Attorney General James Takes Action Against Chelsea Kennel Club For Selling Sick And Injured Puppies To New Yorkers   

Attorney General James Takes Action Against Chelsea Kennel Club for Selling Sick and Injured Puppies to New Yorkers   

Pet Store Lied to Consumers About Dogs’ Conditions; Withheld Pet Medical Files 

NEW YORK – Attorney General Letitia James today announced a lawsuit against the pet store Chelsea Kennel Club, its manager Yardena Derraugh (a/k/a Yardena Rich, Dana Rich) and William Derraugh, the president of Future Enterprises NYC, Inc. for allegedly selling sick, injured, and abused animals to consumers; withholding pertinent medical information about the puppies; and illegally selling animals obtained through unauthorized breeders. They are also accused of false advertising, engaging in veterinary practice without a license, failing to abide by New York City’s Pet Lemon Law, and treating animals inhumanely.

“It is not only shameful, but illegal to sell sick and injured pets, let alone abuse these animals,” said Attorney General Letitia James. “My office will continue to investigate and prosecute businesses and individuals that mistreat animals and swindle New Yorkers.”

Attorney General James’ office collaborated with the Humane Society of the United States (HSUS) in conducting the investigation. An HSUS staff member secured employment at Chelsea Kennel Club and, as part of an undercover investigation, obtained evidence of unacceptable conditions and routine withholding of medical information concerning the sick animals, details that supported the Attorney General’s allegations.

“When we filed a complaint with the New York Attorney General’s office based on our undercover investigation of Chelsea Kennel Club, we were confident that it would be taken seriously,” said Kitty Block, president and CEO, HSUS. “No puppy should be forced to endure the type of treatment we documented at Chelsea Kennel Club. We appreciate the effort of the Attorney General’s office in securing justice for these animals and New York consumers.”

The Attorney General’s lawsuit seeks a court order forbidding Future Enterprises NYC, Inc., Chelsea Kennel Club, Yardena Derraugh and William Derraugh from engaging in fraudulent and deceptive conducts, restitution for consumers, and over $70,000 in fines and penalties.

On its website, Chelsea Kennel Club described its business as a “progressive, caring, and ethical pet store.” Meanwhile, their actions were deceptive, illegal, and inhumane.  A veterinarian usually examined the puppies after they arrived at Chelsea Kennel Club.
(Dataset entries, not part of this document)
lemma ex_vertex_with_many_non_nbrs:
  fixes \<epsilon> :: real
  assumes "finite S" "Y \<subseteq> V" "W \<subseteq> Y" "card W < card Y"
    and sparse: "\<forall>u\<in>S. card (N u \<inter> Y) \<le> (1 - \<epsilon>) * card Y"
    and small: "2 * real (card W) \<le> \<epsilon> * card Y"
  shows "\<exists>w\<in>Y - W. \<epsilon> / 2 * card S \<le> card {u\<in>S. \<not> E u w}"
proof -
  have "finite Y"
    using finite_subset[OF assms(2) finite_V] .
  then have "finite W"
    using finite_subset[OF assms(3)] by blast
  have "card (Y - W) = card Y - card W"
    using card_Diff_subset[OF \<open>finite W\<close> assms(3)] .
  then have "0 < card (Y - W)" "card (Y - W) \<le> card Y"
    using assms(4) by auto
  then have "Y - W \<noteq> {}"
    by (metis card.empty less_irrefl)
  have non_nbrs: "\<epsilon> * card Y / 2 \<le> card {w \<in> Y - W. \<not> E u w}" if "u \<in> S" for u
  proof -
    have "Y \<subseteq> {w \<in> Y - W. \<not> E u w} \<union> (N u \<inter> Y) \<union> W"
      using assms(2) by (auto simp: mem_nbhd_iff)
    then have "card Y \<le> card ({w \<in> Y - W. \<not> E u w} \<union> (N u \<inter> Y) \<union> W)"
      using \<open>finite Y\<close> \<open>finite W\<close> by (intro card_mono) auto
    also have "\<dots> \<le> card {w \<in> Y - W. \<not> E u w} + card (N u \<inter> Y) + card W"
      using card_Un_le[of "{w \<in> Y - W. \<not> E u w} \<union> (N u \<inter> Y)" W]
        card_Un_le[of "{w \<in> Y - W. \<not> E u w}" "N u \<inter> Y"] by linarith
    finally have "real (card Y) \<le> card {w \<in> Y - W. \<not> E u w} + card (N u \<inter> Y) + card W"
      by (metis of_nat_add of_nat_le_iff)
    moreover have "card (N u \<inter> Y) \<le> card Y - \<epsilon> * card Y"
      using sparse that by (auto simp: left_diff_distrib)
    ultimately show ?thesis
      using small by linarith
  qed
  obtain w where "w \<in> Y - W"
    and popular: "\<epsilon> * card Y / 2 * card S \<le> real (card (Y - W)) * card {u\<in>S. \<not> E u w}"
    using ex_popular_element[of "Y - W" S "\<epsilon> * card Y / 2" "\<lambda>u w. \<not> E u w"]
      non_nbrs \<open>finite Y\<close> \<open>Y - W \<noteq> {}\<close> assms(1) by auto
  have "card Y * (\<epsilon> / 2 * card S) = \<epsilon> * card Y / 2 * card S"
    by simp
  also have "\<dots> \<le> real (card (Y - W)) * card {u\<in>S. \<not> E u w}"
    by (rule popular)
  also have "\<dots> \<le> real (card Y) * card {u\<in>S. \<not> E u w}"
    using \<open>card (Y - W) \<le> card Y\<close> by (intro mult_right_mono) auto
  finally have "\<epsilon> / 2 * card S \<le> card {u\<in>S. \<not> E u w}"
    using assms(4) by (simp add: mult_le_cancel_left_pos)
  then show ?thesis
    using \<open>w \<in> Y - W\<close> by blast
qed

lemma ex_subset_with_many_common_non_nbrs:
  fixes \<epsilon> :: real
  assumes "finite S" "Y \<subseteq> V" "\<epsilon> \<le> 1"
    and sparse: "\<forall>u\<in>S. card (N u \<inter> Y) \<le> (1 - \<epsilon>) * card Y"
    and "2 * real k \<le> \<epsilon> * card Y"
  shows "\<exists>W\<subseteq>Y. card W = k \<and> (\<epsilon>/2)^k * card S \<le> card {u\<in>S. \<forall>w\<in>W. \<not> E u w}"
  using assms(5)
proof (induction k)
  case 0
  show ?case
    by (intro exI[of _ "{}"]) auto
next
  case (Suc k)
  then have "2 * real k \<le> \<epsilon> * card Y"
    by simp
  with Suc.IH obtain W where W: "W \<subseteq> Y" "card W = k"
    and IH: "(\<epsilon>/2)^k * card S \<le> card {u\<in>S. \<forall>w\<in>W. \<not> E u w}"
    by auto
  define S' where "S' = {u\<in>S. \<forall>w\<in>W. \<not> E u w}"
  have "finite W" "finite S'" "\<forall>u\<in>S'. card (N u \<inter> Y) \<le> (1 - \<epsilon>) * card Y"
    using finite_subset[OF W(1)] finite_subset[OF assms(2) finite_V] assms(1) sparse
    unfolding S'_def by auto
  have "0 < \<epsilon> * card Y"
    using Suc.prems of_nat_0_le_iff[of k] by simp
  then have "0 < \<epsilon>"
    by (simp add: zero_less_mult_iff)
  have "real k < card Y"
    using Suc.prems mult_left_le_one_le[of "real (card Y)" \<epsilon>] assms(3) \<open>0 < \<epsilon>\<close> by simp
  then obtain w where w: "w \<in> Y - W" and avoiding_w: "\<epsilon> / 2 * card S' \<le> card {u\<in>S'. \<not> E u w}"
    using ex_vertex_with_many_non_nbrs[OF \<open>finite S'\<close> assms(2) W(1) _ \<open>\<forall>u\<in>S'. _\<close>] W(2)
      \<open>2 * real k \<le> \<epsilon> * card Y\<close> by auto
  have "(\<epsilon>/2)^Suc k * card S \<le> \<epsilon> / 2 * card S'"
    using IH \<open>0 < \<epsilon>\<close> unfolding S'_def by simp
  also have "\<dots> \<le> card {u\<in>S'. \<not> E u w}"
    by (rule avoiding_w)
  also have "{u\<in>S'. \<not> E u w} = {u\<in>S. \<forall>w'\<in>insert w W. \<not> E u w'}"
    unfolding S'_def by auto
  finally show ?case
    using w W \<open>finite W\<close> by (intro exI[of _ "insert w W"]) auto
qed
However, the store withheld veterinarians’ preliminary examination reports that in some cases documented serious health issues with the animals. As a result, consumers were either unaware of illnesses, or were misled regarding the health condition of their pets. Many never discovered their animal’s medical issues until after they took their pets home. In one instance, a consumer had his puppy just six days before it died in an animal hospital. 

When consumers demanded their money back, Chelsea Kennel Club denied their requests—violating the terms of the Chelsea Kennel Club Consumer Protection Plan, as well as New York’s Pet Lemon Law, which ensures the good health of cats and dogs sold in the state. Under this law, pet dealers must issue a refund, reimburse veterinary expenses, or replace the animal. To qualify for a refund or a replacement animal, a consumer must obtain a veterinary certification showing that the animal was unfit for sale within fourteen business days of the purchase. Yet, in many of these cases, Chelsea Kennel Club simply refused to comply with this law.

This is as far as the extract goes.